Problem to work on: How many of the lines below include the word "open"? Only the number should be given.

[The input — start]

(* Fix $\lambda>0$. The function $\mathbf{K}\mapsto\mathcal{L}(\mathbf{K},\lambda)$ defined in the context is twice continuously differentiable on $\mathcal{K}$.
   Context: Consider the linear system $\mathbf{x}_{k+1}=\mathbf{A}\mathbf{x}_k+\mathbf{B}\mathbf{u}_k+\mathbf{w}_k$ with $\mathbf{x}_k\in\mathbb{R}^n$, $\mathbf{u}_k\in\mathbb{R}^p$, $(\mathbf{A},\mathbf{B})$ stabilizable, and i.i.d. noise $\mathbf{w}_k\sim\mathcal{N}(0,\Sigma_w)$. Let $\mathbf{Q}\in\mathbb{R}^{n\times n}$, $\mathbf{R}\in\mathbb{R}^{p\times p}$ be positive definite, $(\mathbf{A},\mathbf{Q}^{1/2})$ detectable, $\epsilon>0$, $\delta>0$, $\mathbf{q}\in\mathbb{R}^n$. Policies are $\mathbf{u}_k=-\mathbf{K}\mathbf{x}_k+\sigma_k$ with $\sigma_k\sim\mathcal{N}(0,\Sigma_\sigma)$ i.i.d., $\Sigma_\sigma$ a fixed covariance matrix. Let $\Sigma_{\bar w}=\Sigma_w+\mathbf{B}\Sigma_\sigma\mathbf{B}^T$ and $\mathcal{K}=\{\mathbf{K}\in\mathbb{R}^{p\times n}:\rho(\mathbf{A}-\mathbf{B}\mathbf{K})<1\}$. For $\mathbf{K}\in\mathcal{K}$, let $\Sigma_K$ solve $\Sigma_K=\Sigma_{\bar w}+(\mathbf{A}-\mathbf{B}\mathbf{K})\Sigma_K(\mathbf{A}-\mathbf{B}\mathbf{K})^T$. Define $J(\mathbf{K})=\mathrm{tr}((\mathbf{Q}+\mathbf{K}^T\mathbf{R}\mathbf{K})\Sigma_K+\mathbf{R}\Sigma_\sigma)$ and $J_c(\mathbf{K})=\mathrm{E}[Q(a(\mathbf{x},\mathbf{K}))]$ with $\mathbf{x}\sim\mathcal{N}(0,\Sigma_K)$ the stationary closed-loop state, $Q(a)=\frac{1}{\sqrt{2\pi}}\int_a^\infty e^{-z^2/2}dz$, $a(\mathbf{x},\mathbf{K})=\frac{\epsilon-\mathbf{q}^T(\mathbf{A}-\mathbf{B}\mathbf{K})\mathbf{x}}{\sqrt{\mathbf{q}^T\Sigma_{\bar w}\mathbf{q}}}$. The Lagrangian is $\mathcal{L}(\mathbf{K},\lambda)=J(\mathbf{K})+\lambda(J_c(\mathbf{K})-\delta)$. *)

theory Defs
  imports "HOL-Analysis.Analysis" "HOL-Probability.Probability"
begin

definition cmat :: "real^'n^'n \<Rightarrow> complex^'n^'n" where
  "cmat M = (\<chi> i j. complex_of_real (M $ i $ j))"

definition spec_rad :: "real^'n^'n \<Rightarrow> real" where
  "spec_rad M = Max {cmod l | l. det (mat l - cmat M) = 0}"

definition pos_def_mat :: "real^'n^'n \<Rightarrow> bool" where
  "pos_def_mat M \<longleftrightarrow> transpose M = M \<and> (\<forall>x. x \<noteq> 0 \<longrightarrow> x \<bullet> (M *v x) > 0)"

definition psd_mat :: "real^'n^'n \<Rightarrow> bool" where
  "psd_mat M \<longleftrightarrow> transpose M = M \<and> (\<forall>x. x \<bullet> (M *v x) \<ge> 0)"

definition stabilizable :: "real^'n^'n \<Rightarrow> real^'p^'n \<Rightarrow> bool" where
  "stabilizable A B \<longleftrightarrow> (\<exists>K::real^'n^'p. spec_rad (A - B ** K) < 1)"

definition detectable :: "real^'n^'n \<Rightarrow> real^'n^'m \<Rightarrow> bool" where
  "detectable A C \<longleftrightarrow> (\<exists>L::real^'m^'n. spec_rad (A - L ** C) < 1)"

definition psd_sqrt :: "real^'n^'n \<Rightarrow> real^'n^'n" where
  "psd_sqrt M = (THE S. psd_mat S \<and> S ** S = M)"

text \<open>Expectation of f(x) for x ~ N(0,\<Sigma>): x = L z with L L^T = \<Sigma> and z standard
  normal on R^n (product of independent standard normals).\<close>
definition gauss_expect :: "real^'n^'n \<Rightarrow> (real^'n \<Rightarrow> real) \<Rightarrow> real" where
  "gauss_expect \<Sigma> f =
     (let L = (SOME L::real^'n^'n. L ** transpose L = \<Sigma>) in
      integral\<^sup>L (PiM UNIV (\<lambda>_::'n. std_normal_distribution)) (\<lambda>z. f (L *v (\<chi> i. z i))))"

definition Qfun :: "real \<Rightarrow> real" where
  "Qfun a = (1 / sqrt (2 * pi)) * integral {a..} (\<lambda>z. exp (- (z\<^sup>2) / 2))"

definition Sigma_wbar :: "real^'p^'n \<Rightarrow> real^'n^'n \<Rightarrow> real^'p^'p \<Rightarrow> real^'n^'n" where
  "Sigma_wbar B Sw Ss = Sw + B ** Ss ** transpose B"

definition Sigma_K :: "real^'n^'n \<Rightarrow> real^'p^'n \<Rightarrow> real^'n^'n \<Rightarrow> real^'p^'p \<Rightarrow> real^'n^'p
    \<Rightarrow> real^'n^'n" where
  "Sigma_K A B Sw Ss K =
     (THE S. S = Sigma_wbar B Sw Ss + (A - B ** K) ** S ** transpose (A - B ** K))"

definition Jcost :: "real^'n^'n \<Rightarrow> real^'p^'n \<Rightarrow> real^'n^'n \<Rightarrow> real^'p^'p \<Rightarrow> real^'n^'n
    \<Rightarrow> real^'p^'p \<Rightarrow> real^'n^'p \<Rightarrow> real" where
  "Jcost A B Sw Ss Q R K =
     trace ((Q + transpose K ** R ** K) ** Sigma_K A B Sw Ss K) + trace (R ** Ss)"

definition a_fun :: "real^'n^'n \<Rightarrow> real^'p^'n \<Rightarrow> real^'n^'n \<Rightarrow> real^'p^'p \<Rightarrow> real
    \<Rightarrow> real^'n \<Rightarrow> real^'n \<Rightarrow> real^'n^'p \<Rightarrow> real" where
  "a_fun A B Sw Ss \<epsilon> q x K =
     (\<epsilon> - q \<bullet> ((A - B ** K) *v x)) / sqrt (q \<bullet> (Sigma_wbar B Sw Ss *v q))"

definition Jc :: "real^'n^'n \<Rightarrow> real^'p^'n \<Rightarrow> real^'n^'n \<Rightarrow> real^'p^'p \<Rightarrow> real
    \<Rightarrow> real^'n \<Rightarrow> real^'n^'p \<Rightarrow> real" where
  "Jc A B Sw Ss \<epsilon> q K =
     gauss_expect (Sigma_K A B Sw Ss K) (\<lambda>x. Qfun (a_fun A B Sw Ss \<epsilon> q x K))"

definition Lagr :: "real^'n^'n \<Rightarrow> real^'p^'n \<Rightarrow> real^'n^'n \<Rightarrow> real^'p^'p \<Rightarrow> real^'n^'n
    \<Rightarrow> real^'p^'p \<Rightarrow> real \<Rightarrow> real \<Rightarrow> real^'n \<Rightarrow> real^'n^'p \<Rightarrow> real \<Rightarrow> real" where
  "Lagr A B Sw Ss Q R \<epsilon> \<delta> q K lam =
     Jcost A B Sw Ss Q R K + lam * (Jc A B Sw Ss \<epsilon> q K - \<delta>)"

definition C2_on :: "'a::real_normed_vector set \<Rightarrow> ('a \<Rightarrow> 'b::real_normed_vector) \<Rightarrow> bool" where
  "C2_on S f \<longleftrightarrow>
     (\<exists>(Df::'a \<Rightarrow> 'a \<Rightarrow>\<^sub>L 'b) (D2f::'a \<Rightarrow> 'a \<Rightarrow>\<^sub>L ('a \<Rightarrow>\<^sub>L 'b)).
        (\<forall>x\<in>S. (f has_derivative blinfun_apply (Df x)) (at x)) \<and>
        (\<forall>x\<in>S. (Df has_derivative blinfun_apply (D2f x)) (at x)) \<and>
        continuous_on S D2f)"

end

(*
  On the open set of stabilizing gains K the Lyapunov equation
  Sigma = Sigma_wbar + (A - B K) Sigma (A - B K)^T has exactly one solution, because
  (A - B K)^k tends to 0 when the spectral radius is below 1: the entries of M^k are the Taylor
  coefficients at 0 of the resolvent (I - z M)^-1, which is holomorphic on a disc of radius
  greater than 1.  Uniqueness makes the vectorized linear system invertible, so by Cramer's rule
  Sigma_K is a rational function of K without poles there, and J is smooth.
  For the constraint, q^T (A - B K) x is a centred Gaussian when x ~ N(0, Sigma_K), and averaging
  the Gaussian tail function Q against it gives J_c(K) = Q(eps / sqrt (q^T Sigma_K q)) after one more
  use of the Lyapunov equation; this is smooth since q^T Sigma_K q >= q^T Sigma_wbar q > 0
  (if q^T Sigma_wbar q = 0, then J_c is constant).
*)
theory Submission
  imports Defs "HOL-Complex_Analysis.Complex_Analysis"
    "HOL-Computational_Algebra.Fundamental_Theorem_Algebra"
begin

no_notation fps_nth (infixl \<open>$\<close> 75)

section \<open>Twice continuously differentiable maps\<close>

definition C1_on :: "'a::real_normed_vector set \<Rightarrow> ('a \<Rightarrow> 'b::real_normed_vector) \<Rightarrow> bool" where
  "C1_on U f \<longleftrightarrow> (\<exists>Df::'a \<Rightarrow> 'a \<Rightarrow>\<^sub>L 'b.
     (\<forall>x\<in>U. (f has_derivative blinfun_apply (Df x)) (at x)) \<and> continuous_on U Df)"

[The input — finish]

Result of this task: 4